I began to think about our words on the phone long after the conversation was over.   I remember in school; I was one of those last minute dead-line students most of the time.  Not because I wanted it to drag that unfinished assignment out forever . . .  why?

And, then I answered my own question.  It was fear.  Fear of judgment.  Fear of not getting a good grade.  Fear of not being “good enough.”  Fear of disappointing my parents.  There were so many unsaid and made up things in my mind.  Is this what the pervading persistence of our procrastinational phears (fears) produce?  In the end, it was the fear of not completing the task which over came the fear of the final outcome.  One fear was just bigger than the other and the assignment was turned in. That was then—and this is now.  It is not the class assignment, but our life and our future.  What do we want to create?  The slate is blank; anything we can imagine can be  ours. Our vision is there alive within and without—do we nourish the dream?

So as the starting blocks are set and the white chalk lines mark the track lanes, I ask can we walk through our fears with trust and confidence that we are enough?  That perhaps ‘the fear’ was placed there, as a test to ourselves? Is it there for us to challenge the very thing that scares us the most with ironically love of the Universe as our greatest and biggest ally and support however hidden it may appear?  I must confess, when your in the middle of the storm, it never seems that way. 

  It looks different for us all.  But, I challenge you to meet your biggest fear head on.  Step into “the new you.”  Be proud of who you are.  Meet the challenge with love knowing that you are supported on every level.  Gather your tribe that loves you no matter what unconditionally.  Could it be a soul family—rather than biological one?  Is that a healthy change for you? A sister from another mother who happens to be your biggest cheer leader?  Or that new friend form work that “gets you.” If you don’t have that—make that declaration now.   As the race into 2016 begins—know that there is really no race and no destination.  It is the journey we call life. Always changing, always challenging and always carrying us to the next level.  It is as fulfilling and amazing as we choose to make it. Pick up your kaleidoscope and twist the end of the rotating tube and create a new reflection for yourself.  What is your heart’s desire?  It will not look the same for you as for your sister, brother, parents or best friends.  Have the courage to just “be you.”  

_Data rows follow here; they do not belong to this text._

(* An s-subset containing i is G \<union> {i} for the card I - s choices of J, one avoiding i is
   G \<union> {J} for its s elements J. *)
lemma sum_card_subsets_pairs:
  fixes f :: "'a set \<Rightarrow> real"
  assumes "finite I" "i \<in> I" "0 < s" "s < card I"
  shows "sum f {H. H \<subseteq> I \<and> card H = s}
           = (\<Sum>(G, J)\<in>Sigma {G. G \<subseteq> I - {i} \<and> card G = s - 1} (\<lambda>G. I - {i} - G).
                f (insert i G) / real (card I - s) + f (insert J G) / real s)"
proof -
  define R where "R = I - {i}"
  let ?S' = "{G. G \<subseteq> R \<and> card G = s - 1}" and ?S = "{H. H \<subseteq> R \<and> card H = s}"
  have "finite R" using assms(1) by (simp add: R_def)
  have card_R: "card R = card I - 1" using assms(1,2) by (simp add: R_def)
  have fin: "finite H" if "H \<subseteq> R" for H using \<open>finite R\<close> that by (rule finite_subset[rotated])
  have "i \<notin> R" "R \<subseteq> I" by (auto simp: R_def)
  have card_insert: "card (insert i G) = s" if "G \<subseteq> R" "card G = s - 1" for G
    using that fin[OF that(1)] \<open>i \<notin> R\<close> assms(3) by (subst card.insert) auto
  have split: "{H. H \<subseteq> I \<and> card H = s} = insert i ` ?S' \<union> ?S"
  proof (intro equalityI subsetI)
    fix H assume H: "H \<in> {H. H \<subseteq> I \<and> card H = s}"
    show "H \<in> insert i ` ?S' \<union> ?S"
    proof (cases "i \<in> H")
      case True
      then have "H = insert i (H - {i})" "H - {i} \<in> ?S'"
        using H assms(1) by (auto simp: R_def finite_subset)
      then show ?thesis by blast
    qed (use H in \<open>auto simp: R_def\<close>)
  qed (use assms(2) \<open>R \<subseteq> I\<close> card_insert in auto)
  have "sum f {H. H \<subseteq> I \<and> card H = s} = sum f (insert i ` ?S') + sum f ?S"
    unfolding split
    by (rule sum.union_disjoint)
       (use \<open>finite R\<close> \<open>i \<notin> R\<close> in \<open>auto simp: finite_card_subsets\<close>)
  also have "sum f (insert i ` ?S') = sum (\<lambda>G. f (insert i G)) ?S'"
    by (rule sum.reindex[unfolded comp_def]) (auto simp: R_def inj_on_def)
  also have "\<dots> = (\<Sum>(G, J)\<in>Sigma ?S' (\<lambda>G. R - G). f (insert i G) / real (card I - s))"
  proof -
    have "card (R - G) = card I - s" if "G \<in> ?S'" for G
      using that assms(3) card_R by (simp add: card_Diff_subset fin)
    then show ?thesis
      using assms(4) \<open>finite R\<close>
      by (subst sum.Sigma[symmetric]) (auto simp: finite_card_subsets intro!: sum.cong)
  qed
  also have "sum f ?S = (\<Sum>(G, J)\<in>Sigma ?S' (\<lambda>G. R - G). f (insert J G) / real s)"
    using sum_pairs_insert[OF \<open>finite R\<close> assms(3), of "\<lambda>H. f H / real s"] assms(3)
    by (simp add: sum_distrib_left)
  finally show ?thesis
    by (simp add: R_def sum.distrib case_prod_beta)
qed

lemma sum_card_subsets_le_pairs:
  fixes f h :: "'a set \<Rightarrow> real" and q :: real
  assumes "finite I" "i \<in> I" "0 < s" "s < card I" and q: "q = 1 - real s / real (card I)"
    and pairs: "\<And>G J. G \<subseteq> I - {i} \<Longrightarrow> J \<in> I - {i} - G \<Longrightarrow>
                  (1 - q) * f (insert i G) + q * f (insert J G)
                    \<le> (1 - q) * h (insert i G) + q * h (insert J G)"
  shows "sum f {H. H \<subseteq> I \<and> card H = s} \<le> sum h {H. H \<subseteq> I \<and> card H = s}"
proof -
  define N where "N = real (card I)"
  have "real s < N" using assms(4) by (simp add: N_def)
  have weights: "x / real (card I - s) + y / real s
                   = N / (real s * (N - real s)) * ((1 - q) * x + q * y)" for x y
    using assms(3,4) \<open>real s < N\<close> by (simp add: q N_def of_nat_diff field_simps)
  have pair_term: "0 \<le> (h (insert i G) - f (insert i G)) / real (card I - s)
                          + (h (insert J G) - f (insert J G)) / real s"
    if "G \<subseteq> I - {i}" "J \<in> I - {i} - G" for G J
  proof -
    have "0 \<le> N / (real s * (N - real s))" using \<open>real s < N\<close> by simp
    moreover have "0 \<le> (1 - q) * (h (insert i G) - f (insert i G))
                        + q * (h (insert J G) - f (insert J G))"
      using pairs[OF that] by (simp add: algebra_simps)
    ultimately show ?thesis unfolding weights by (rule mult_nonneg_nonneg)
  qed
  have "0 \<le> sum (\<lambda>H. h H - f H) {H. H \<subseteq> I \<and> card H = s}"
    unfolding sum_card_subsets_pairs[OF assms(1-4)] by (auto intro!: sum_nonneg pair_term)
  then show ?thesis by (simp add: sum_subtractf)
qed

definition visible_count :: "nat \<Rightarrow> bool list \<Rightarrow> nat set \<Rightarrow> nat" where
  "visible_count n X H = (\<Sum>i\<in>{..<n} - H. of_bool (X ! i))"

lemma visible_count_insert:
  assumes "j < n" "j \<notin> H"
  shows "visible_count n X H = visible_count n X (insert j H) + of_bool (X ! j)"
proof -
  have "{..<n} - H = insert j ({..<n} - insert j H)" using assms by auto
  moreover have "j \<notin> {..<n} - insert j H" by simp
  ultimately show ?thesis
    unfolding visible_count_def by (metis add.commute finite_Diff finite_lessThan sum.insert)
qed

lemma visible_count_cong:
  assumes "\<And>j. j < n \<Longrightarrow> j \<notin> H \<Longrightarrow> X ! j = X' ! j"
  shows "visible_count n X H = visible_count n X' H"
  unfolding visible_count_def using assms by (intro sum.cong) auto

lemma C_alg_eq_bind:
  "C_alg n s X = pmf_of_set {H. H \<subseteq> {..<n} \<and> card H = s} \<bind>
                   (\<lambda>H. map_pmf ((+) (visible_count n X H)) (Bin s))"
  unfolding C_alg_def visible_count_def map_pmf_def by simp

lemma prob_bind_pmf:
  "measure_pmf.prob (bind_pmf M f) A = (\<integral>x. measure_pmf.prob (f x) A \<partial>measure_pmf M)"
  unfolding measure_pmf_bind
  by (subst measure_pmf.measure_bind[where N="count_space UNIV"]) (auto simp: measure_subprob)

lemma prob_C_alg:
  assumes "s \<le> n"
  shows "measure_pmf.prob (C_alg n s X) W
           = (\<Sum>H\<in>{H. H \<subseteq> {..<n} \<and> card H = s}.
                measure_pmf.prob (Bin s) {b. visible_count n X H + b \<in> W})
             / card {H. H \<subseteq> {..<n} \<and> card H = s}"
proof -
  let ?S = "{H. H \<subseteq> {..<n} \<and> card H = s}"
  have "?S \<noteq> {}" "finite ?S"
    using assms card_subsets_nonempty[of "{..<n}" s] finite_card_subsets[of "{..<n}" s] by auto
  have shift: "measure_pmf.prob (map_pmf ((+) c) (Bin s)) W
                  = measure_pmf.prob (Bin s) {b. c + b \<in> W}" for c
    by (simp only: measure_map_pmf vimage_def)
  show ?thesis
    unfolding C_alg_eq_bind prob_bind_pmf shift
      integral_pmf_of_set[OF \<open>?S \<noteq> {}\<close> \<open>finite ?S\<close>] ..
qed

lemma C_alg_all_hidden: "C_alg n n X = Bin n"
proof -
  have "H = {..<n}" if "H \<subseteq> {..<n}" "card H = n" for H
    using that by (intro card_subset_eq) auto
  then have "{H. H \<subseteq> {..<n} \<and> card H = n} = {{..<n}}" by auto
  moreover have "(+) (0 :: nat) = (\<lambda>b. b)" by auto
  ultimately show ?thesis
    by (simp add: C_alg_eq_bind visible_count_def pmf_of_set_singleton bind_return_pmf pmf.map_ident)
qed

lemma prob_Bin_shift:
  "measure_pmf.prob (Bin s) {b. A + of_bool c + b \<in> W}
     = measure_pmf.prob (if c then map_pmf Suc (Bin s) else Bin s) {m. A + m \<in> W}"
  by (cases c) (simp_all add: vimage_def)

lemma C_alg_pair_bound:
  fixes e d q :: real and W :: "nat set"
  assumes dom: "pmf_dominated e d (Bin s) (map_pmf Suc (Bin s))"
                 "pmf_dominated e d (map_pmf Suc (Bin s)) (Bin s)"
    and "0 \<le> q" "q \<le> 1" "0 \<le> e"
    and "i < n" and agree: "\<And>j. j < n \<Longrightarrow> j \<noteq> i \<Longrightarrow> X ! j = X' ! j"
    and G: "G \<subseteq> {..<n} - {i}" and J: "J \<in> {..<n} - {i} - G"
  defines "g Y H \<equiv> measure_pmf.prob (Bin s) {b. visible_count n Y H + b \<in> W}"
  shows "(1 - q) * g X (insert i G) + q * g X (insert J G)
           \<le> exp (q * e) * ((1 - q) * g X' (insert i G) + q * g X' (insert J G)) + d"
proof -
  (* Hiding G \<union> {i} reveals X ! J, hiding G \<union> {J} reveals X ! i; the rest A is shared. *)
  define A where "A = visible_count n X (insert i (insert J G))"
  define coin where "coin c = (if c then map_pmf Suc (Bin s) else Bin s)" for c
  have "J < n" "J \<noteq> i" "J \<notin> G" "i \<notin> G" using J G by auto
  have A': "visible_count n X' (insert i (insert J G)) = A"
    unfolding A_def using agree by (intro visible_count_cong) (auto simp: eq_commute)
  have g: "g Y (insert i G) = measure_pmf.prob (coin (Y ! J)) {m. A + m \<in> W}"
          "g Y (insert J G) = measure_pmf.prob (coin (Y ! i)) {m. A + m \<in> W}"
    if "visible_count n Y (insert i (insert J G)) = A" for Y
  proof -
    have "visible_count n Y (insert i G) = A + of_bool (Y ! J)"
      using visible_count_insert[of J n "insert i G" Y] \<open>J < n\<close> \<open>J \<noteq> i\<close> \<open>J \<notin> G\<close> that
      by (simp add: insert_commute)
    moreover have "visible_count n Y (insert J G) = A + of_bool (Y ! i)"
      using visible_count_insert[of i n "insert J G" Y] \<open>i < n\<close> \<open>J \<noteq> i\<close> \<open>i \<notin> G\<close> that
      by simp
    ultimately show "g Y (insert i G) = measure_pmf.prob (coin (Y ! J)) {m. A + m \<in> W}"
                    "g Y (insert J G) = measure_pmf.prob (coin (Y ! i)) {m. A + m \<in> W}"
      unfolding g_def coin_def by (simp_all only: prob_Bin_shift)
  qed
  have "X' ! J = X ! J" using agree \<open>J < n\<close> \<open>J \<noteq> i\<close> by simp
  have coin: "coin c \<in> {Bin s, map_pmf Suc (Bin s)}" for c by (simp add: coin_def)
  show ?thesis
    unfolding g[OF A_def[symmetric]] g[OF A'] \<open>X' ! J = X ! J\<close>
    by (rule prob_mix_le_exp_pair[OF dom assms(3-5) coin coin coin])
qed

Set your intention. Write your vision and goals on a sheet of paper. Put it in an envelope and put it away in a drawer. Be aware that things may not show up how you “had planned.” Watch for the synchronicity.  Trust and have faith.  Take steps to move toward your new goals and visions. And then have the courage to make the leap when the opportunity arrives at your door.  Lastly, I include a favorite mantra.  Print it out—put it on your mirror and say it at least once a day.  This is co-creating at its best!  

I wish you all a joyous—peace-filled and co-creative 2016 as you step into your true magnificence and leave the old fearful ways of procrastination behind in 2015.

“Inspired Wellness from Within”

Cathy Silver, HC, AADP

www.cathrinesilver.com

 

 

Look into the mirror.  Look in your eyes, and say the words:

“I AM that I AM.  I deserve to be here, loved by God.  I am magnificent.”